Additionally, ABB has helped the Cowpens mill increase product quality, reducing the product variability substantially (the average paper basis weight 2-Sigma is below 0.5 and the average paper moisture level 2-Sigma is below 2). By keeping quality high, customer complaints have been all but eliminated while production has increased, giving the Cowpens mill the financial benefits sought by U.S. Corrugated.
As is the case with many successful products, other applications and opportunities for ServicePort come up constantly. For instance, every control system ABB has sold has a PC with system configuration tools on it. For a small additional cost, the system configuration tools could be delivered in ServicePort, thus providing important installation and commissioning tools for startup in the same device that can later be used to deliver remote system and process optimization once the plant is in normal operation.
Other applications are currently part of the design.
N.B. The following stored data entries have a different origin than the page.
(* Let $k,n\ge 1$ and let $x_1\le x_2\le\dots\le x_{kn}$ be real numbers. If $2\le k\le 16$, the partition of $\{1,\dots,kn\}$ into consecutive blocks $B_i=\{(i-1)k+1,\dots,ik\}$, $i=1,\dots,n$, is a minimal $k$-tuple partition with respect to $A$. If $2\le k\le 8$, the same partition is also minimal with respect to $S$.
   Context: For real numbers $x_1,\dots,x_k$ (repetitions allowed) define $A(x_1,\dots,x_k)=\sum_{1\le i<j\le k}|x_j-x_i|$ and $S(x_1,\dots,x_k)=\sum_{1\le i<j\le k}(x_j-x_i)^2$. Given real numbers $x_1,\dots,x_{kn}$, a $k$-tuple partition is a partition of the index set $\{1,\dots,kn\}$ into $n$ blocks, each of size $k$. Its cost with respect to $D\in\{A,S\}$ is the sum over blocks $\{i_1,\dots,i_k\}$ of $D(x_{i_1},\dots,x_{i_k})$. A $k$-tuple partition is minimal if its cost is less than or equal to the cost of every other $k$-tuple partition. *)

theory Defs
  imports "HOL-Analysis.Analysis"
begin

definition pairs_in :: "nat set \<Rightarrow> (nat \<times> nat) set" where
  "pairs_in B = {(i, j). i \<in> B \<and> j \<in> B \<and> i < j}"

definition A_disp :: "(nat \<Rightarrow> real) \<Rightarrow> nat set \<Rightarrow> real" where
  "A_disp x B = (\<Sum>(i, j)\<in>pairs_in B. \<bar>x j - x i\<bar>)"

definition S_disp :: "(nat \<Rightarrow> real) \<Rightarrow> nat set \<Rightarrow> real" where
  "S_disp x B = (\<Sum>(i, j)\<in>pairs_in B. (x j - x i)^2)"

definition tuple_partition :: "nat \<Rightarrow> nat \<Rightarrow> nat set set \<Rightarrow> bool" where
  "tuple_partition k n P \<longleftrightarrow>
     \<Union>P = {1..k*n} \<and>
     (\<forall>B\<in>P. \<forall>C\<in>P. B \<noteq> C \<longrightarrow> B \<inter> C = {}) \<and>
     (\<forall>B\<in>P. card B = k) \<and>
     card P = n"

definition partition_cost ::
  "((nat \<Rightarrow> real) \<Rightarrow> nat set \<Rightarrow> real) \<Rightarrow> (nat \<Rightarrow> real) \<Rightarrow> nat set set \<Rightarrow> real" where
  "partition_cost D x P = (\<Sum>B\<in>P. D x B)"

definition minimal_partition ::
  "((nat \<Rightarrow> real) \<Rightarrow> nat set \<Rightarrow> real) \<Rightarrow> nat \<Rightarrow> nat \<Rightarrow> (nat \<Rightarrow> real) \<Rightarrow> nat set set \<Rightarrow> bool" where
  "minimal_partition D k n x P \<longleftrightarrow>
     tuple_partition k n P \<and>
     (\<forall>Q. tuple_partition k n Q \<longrightarrow> partition_cost D x P \<le> partition_cost D x Q)"

definition consecutive_partition :: "nat \<Rightarrow> nat \<Rightarrow> nat set set" where
  "consecutive_partition k n = (\<lambda>i. {(i - 1) * k + 1 .. i * k}) ` {1..n}"

end

theory Submission
  imports Defs
begin

text \<open>For \<open>A\<close>, write each \<open>|x\<^sub>j - x\<^sub>i|\<close> as a sum of gaps \<open>x\<^sub>m\<^sub>+\<^sub>1 - x\<^sub>m\<close>. The cost of
  a partition becomes \<open>\<Sum>\<^sub>m (x\<^sub>m\<^sub>+\<^sub>1 - x\<^sub>m) c\<^sub>m\<close>, where \<open>c\<^sub>m\<close> counts the pairs of a common
  block separated by the cut after \<open>m\<close>. If \<open>a\<^sub>B\<close> indices of block \<open>B\<close> lie below the cut, then
  \<open>c\<^sub>m = \<Sum>\<^sub>B a\<^sub>B (k - a\<^sub>B)\<close> with \<open>\<Sum>\<^sub>B a\<^sub>B = m\<close>, which is at least
  \<open>(m mod k) (k - m mod k)\<close>; the consecutive partition attains this bound at every cut at once.

  For \<open>S\<close>, the cost of a block is \<open>k \<Sum> x\<^sub>i\<^sup>2 - (\<Sum> x\<^sub>i)\<^sup>2\<close>, so one has to maximise the sum
  of the squared block sums. Swapping an element of a block of maximal sum with a larger element of
  another block does not decrease it and keeps that block maximal; repeating this gathers the top
  \<open>k\<close> indices into one block, and induction on \<open>n\<close> finishes.

  Neither argument needs the bounds \<open>k \<le> 16\<close> and \<open>k \<le> 8\<close>.\<close>

lemma tuple_partitionD:
  assumes "tuple_partition k n Q"
  shows "\<Union>Q = {1..k*n}" and "finite Q" and "card Q = n"
    and "\<And>B. B \<in> Q \<Longrightarrow> card B = k" and "\<And>B. B \<in> Q \<Longrightarrow> finite B"
    and "\<And>B C. B \<in> Q \<Longrightarrow> C \<in> Q \<Longrightarrow> B \<noteq> C \<Longrightarrow> B \<inter> C = {}"
proof -
  show U: "\<Union>Q = {1..k*n}" using assms by (simp add: tuple_partition_def)
  then show "finite Q" by (metis finite_UnionD finite_atLeastAtMost)
  show "\<And>B. B \<in> Q \<Longrightarrow> finite B" using U by (metis Union_upper finite_atLeastAtMost finite_subset)
qed (use assms in \<open>auto simp: tuple_partition_def\<close>)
The ServicePort is sometimes referred to as the "cable box" due to its similarities to cable TV hardware: One data stream enters the device and is split into multiple "channels." ABB is creating new channels of content, including:
- System configuration
- Preventive and corrective maintenance
- Service scheduling
- Work order tracking
- Spare parts management and ordering
- System optimization
- Process optimization
- Condition monitoring
- Event notification
- Support services
A package of initial content is being decided upon for formal launch (beta versions are in operation at various customer sites; formal launch is awaiting patent approvals).
Remote service benefits customers and ABB
For customers, the main advantage of ServicePort is the provision of easy and fast system and process optimization from ABB experts at any time, from anywhere in the world. For ABB, ServicePort helps meet the growing customer demand for such services.
Culturally, ServicePort changes the service interaction between customers and ABB. ServicePort acts as a "cable TV box," presenting easy access to a wide variety of services that customers may never have used before, making it easy for them to evaluate and acquire the services. Its ability to collect and evaluate system and process data from competitive systems increases the customers' range of service options as well as ABB's attractiveness as a service provider. This level and range of service availability and access maximizes ABB process automation life cycles, which is good for the long-term success of customers and ABB alike.